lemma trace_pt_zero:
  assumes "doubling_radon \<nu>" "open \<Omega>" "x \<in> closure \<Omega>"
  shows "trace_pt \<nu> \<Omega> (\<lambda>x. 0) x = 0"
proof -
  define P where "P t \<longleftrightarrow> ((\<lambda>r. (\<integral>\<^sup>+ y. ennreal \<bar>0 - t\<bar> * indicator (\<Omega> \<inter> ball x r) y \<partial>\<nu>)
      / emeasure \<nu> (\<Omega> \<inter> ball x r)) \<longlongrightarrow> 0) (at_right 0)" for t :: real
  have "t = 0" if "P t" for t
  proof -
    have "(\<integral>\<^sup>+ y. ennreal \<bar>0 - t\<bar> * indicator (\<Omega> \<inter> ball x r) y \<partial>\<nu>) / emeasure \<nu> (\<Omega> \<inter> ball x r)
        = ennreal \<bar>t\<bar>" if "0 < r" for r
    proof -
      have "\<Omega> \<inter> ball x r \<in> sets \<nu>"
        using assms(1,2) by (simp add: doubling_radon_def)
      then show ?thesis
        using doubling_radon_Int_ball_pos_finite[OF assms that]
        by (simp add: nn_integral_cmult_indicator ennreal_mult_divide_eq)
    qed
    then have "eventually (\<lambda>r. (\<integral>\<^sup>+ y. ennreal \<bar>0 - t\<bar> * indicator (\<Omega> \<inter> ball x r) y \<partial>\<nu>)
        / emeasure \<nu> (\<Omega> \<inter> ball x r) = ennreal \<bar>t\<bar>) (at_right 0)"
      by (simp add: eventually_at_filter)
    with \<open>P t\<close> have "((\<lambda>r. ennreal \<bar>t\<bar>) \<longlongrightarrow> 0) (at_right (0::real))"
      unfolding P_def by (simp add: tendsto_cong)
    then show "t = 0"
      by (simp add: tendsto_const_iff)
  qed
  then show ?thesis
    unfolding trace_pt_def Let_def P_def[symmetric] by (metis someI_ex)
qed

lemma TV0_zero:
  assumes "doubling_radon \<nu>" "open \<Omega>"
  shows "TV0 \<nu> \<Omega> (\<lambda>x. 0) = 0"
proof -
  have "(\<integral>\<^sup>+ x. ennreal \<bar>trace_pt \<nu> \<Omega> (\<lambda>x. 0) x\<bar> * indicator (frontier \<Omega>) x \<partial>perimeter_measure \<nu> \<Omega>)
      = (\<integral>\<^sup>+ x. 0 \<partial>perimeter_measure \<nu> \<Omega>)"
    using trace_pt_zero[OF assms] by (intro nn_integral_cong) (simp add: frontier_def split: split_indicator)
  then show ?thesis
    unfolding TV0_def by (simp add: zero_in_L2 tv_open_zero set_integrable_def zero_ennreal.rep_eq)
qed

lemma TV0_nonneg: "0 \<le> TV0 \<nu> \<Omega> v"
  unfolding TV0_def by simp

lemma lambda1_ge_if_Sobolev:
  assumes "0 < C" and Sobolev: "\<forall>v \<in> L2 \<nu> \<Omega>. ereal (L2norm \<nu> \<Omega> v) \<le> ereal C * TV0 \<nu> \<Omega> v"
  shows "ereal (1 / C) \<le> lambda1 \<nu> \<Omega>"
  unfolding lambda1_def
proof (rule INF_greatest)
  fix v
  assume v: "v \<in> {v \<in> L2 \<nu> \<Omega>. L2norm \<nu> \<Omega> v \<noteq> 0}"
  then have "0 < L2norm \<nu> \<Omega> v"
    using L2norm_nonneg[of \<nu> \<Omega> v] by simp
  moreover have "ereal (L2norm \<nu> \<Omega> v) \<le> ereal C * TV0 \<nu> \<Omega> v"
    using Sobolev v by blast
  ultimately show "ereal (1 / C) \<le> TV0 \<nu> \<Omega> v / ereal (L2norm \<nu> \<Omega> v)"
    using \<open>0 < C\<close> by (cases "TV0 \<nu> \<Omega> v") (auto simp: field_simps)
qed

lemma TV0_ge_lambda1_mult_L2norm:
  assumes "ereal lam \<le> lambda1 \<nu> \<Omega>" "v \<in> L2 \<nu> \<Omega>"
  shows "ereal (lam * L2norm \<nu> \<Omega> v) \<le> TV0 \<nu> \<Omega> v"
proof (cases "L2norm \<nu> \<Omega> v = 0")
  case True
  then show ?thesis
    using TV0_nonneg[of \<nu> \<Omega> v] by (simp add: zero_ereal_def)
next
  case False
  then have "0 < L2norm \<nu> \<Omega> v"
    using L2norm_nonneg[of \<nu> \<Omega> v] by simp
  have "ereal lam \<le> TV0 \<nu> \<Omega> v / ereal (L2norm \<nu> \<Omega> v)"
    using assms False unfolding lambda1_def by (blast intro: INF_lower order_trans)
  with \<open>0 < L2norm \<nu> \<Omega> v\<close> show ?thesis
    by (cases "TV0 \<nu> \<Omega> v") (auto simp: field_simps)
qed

+ + + + + + +

TASK OBJECTIVE:
Your answer should consist of every record, printed exactly as given.

TASK ANSWER:
lemma trace_pt_zero:
  assumes "doubling_radon \<nu>" "open \<Omega>" "x \<in> closure \<Omega>"
  shows "trace_pt \<nu> \<Omega> (\<lambda>x. 0) x = 0"
proof -
  define P where "P t \<longleftrightarrow> ((\<lambda>r. (\<integral>\<^sup>+ y. ennreal \<bar>0 - t\<bar> * indicator (\<Omega> \<inter> ball x r) y \<partial>\<nu>)
      / emeasure \<nu> (\<Omega> \<inter> ball x r)) \<longlongrightarrow> 0) (at_right 0)" for t :: real
  have "t = 0" if "P t" for t
  proof -
    have "(\<integral>\<^sup>+ y. ennreal \<bar>0 - t\<bar> * indicator (\<Omega> \<inter> ball x r) y \<partial>\<nu>) / emeasure \<nu> (\<Omega> \<inter> ball x r)
        = ennreal \<bar>t\<bar>" if "0 < r" for r
    proof -
      have "\<Omega> \<inter> ball x r \<in> sets \<nu>"
        using assms(1,2) by (simp add: doubling_radon_def)
      then show ?thesis
        using doubling_radon_Int_ball_pos_finite[OF assms that]
        by (simp add: nn_integral_cmult_indicator ennreal_mult_divide_eq)
    qed
    then have "eventually (\<lambda>r. (\<integral>\<^sup>+ y. ennreal \<bar>0 - t\<bar> * indicator (\<Omega> \<inter> ball x r) y \<partial>\<nu>)
        / emeasure \<nu> (\<Omega> \<inter> ball x r) = ennreal \<bar>t\<bar>) (at_right 0)"
      by (simp add: eventually_at_filter)
    with \<open>P t\<close> have "((\<lambda>r. ennreal \<bar>t\<bar>) \<longlongrightarrow> 0) (at_right (0::real))"
      unfolding P_def by (simp add: tendsto_cong)
    then show "t = 0"
      by (simp add: tendsto_const_iff)
  qed
  then show ?thesis
    unfolding trace_pt_def Let_def P_def[symmetric] by (metis someI_ex)
qed

lemma TV0_zero:
  assumes "doubling_radon \<nu>" "open \<Omega>"
  shows "TV0 \<nu> \<Omega> (\<lambda>x. 0) = 0"
proof -
  have "(\<integral>\<^sup>+ x. ennreal \<bar>trace_pt \<nu> \<Omega> (\<lambda>x. 0) x\<bar> * indicator (frontier \<Omega>) x \<partial>perimeter_measure \<nu> \<Omega>)
      = (\<integral>\<^sup>+ x. 0 \<partial>perimeter_measure \<nu> \<Omega>)"
    using trace_pt_zero[OF assms] by (intro nn_integral_cong) (simp add: frontier_def split: split_indicator)
  then show ?thesis
    unfolding TV0_def by (simp add: zero_in_L2 tv_open_zero set_integrable_def zero_ennreal.rep_eq)
qed

lemma TV0_nonneg: "0 \<le> TV0 \<nu> \<Omega> v"
  unfolding TV0_def by simp

lemma lambda1_ge_if_Sobolev:
  assumes "0 < C" and Sobolev: "\<forall>v \<in> L2 \<nu> \<Omega>. ereal (L2norm \<nu> \<Omega> v) \<le> ereal C * TV0 \<nu> \<Omega> v"
  shows "ereal (1 / C) \<le> lambda1 \<nu> \<Omega>"
  unfolding lambda1_def
proof (rule INF_greatest)
  fix v
  assume v: "v \<in> {v \<in> L2 \<nu> \<Omega>. L2norm \<nu> \<Omega> v \<noteq> 0}"
  then have "0 < L2norm \<nu> \<Omega> v"
    using L2norm_nonneg[of \<nu> \<Omega> v] by simp
  moreover have "ereal (L2norm \<nu> \<Omega> v) \<le> ereal C * TV0 \<nu> \<Omega> v"
    using Sobolev v by blast
  ultimately show "ereal (1 / C) \<le> TV0 \<nu> \<Omega> v / ereal (L2norm \<nu> \<Omega> v)"
    using \<open>0 < C\<close> by (cases "TV0 \<nu> \<Omega> v") (auto simp: field_simps)
qed

lemma TV0_ge_lambda1_mult_L2norm:
  assumes "ereal lam \<le> lambda1 \<nu> \<Omega>" "v \<in> L2 \<nu> \<Omega>"
  shows "ereal (lam * L2norm \<nu> \<Omega> v) \<le> TV0 \<nu> \<Omega> v"
proof (cases "L2norm \<nu> \<Omega> v = 0")
  case True
  then show ?thesis
    using TV0_nonneg[of \<nu> \<Omega> v] by (simp add: zero_ereal_def)
next
  case False
  then have "0 < L2norm \<nu> \<Omega> v"
    using L2norm_nonneg[of \<nu> \<Omega> v] by simp
  have "ereal lam \<le> TV0 \<nu> \<Omega> v / ereal (L2norm \<nu> \<Omega> v)"
    using assms False unfolding lambda1_def by (blast intro: INF_lower order_trans)
  with \<open>0 < L2norm \<nu> \<Omega> v\<close> show ?thesis
    by (cases "TV0 \<nu> \<Omega> v") (auto simp: field_simps)
qed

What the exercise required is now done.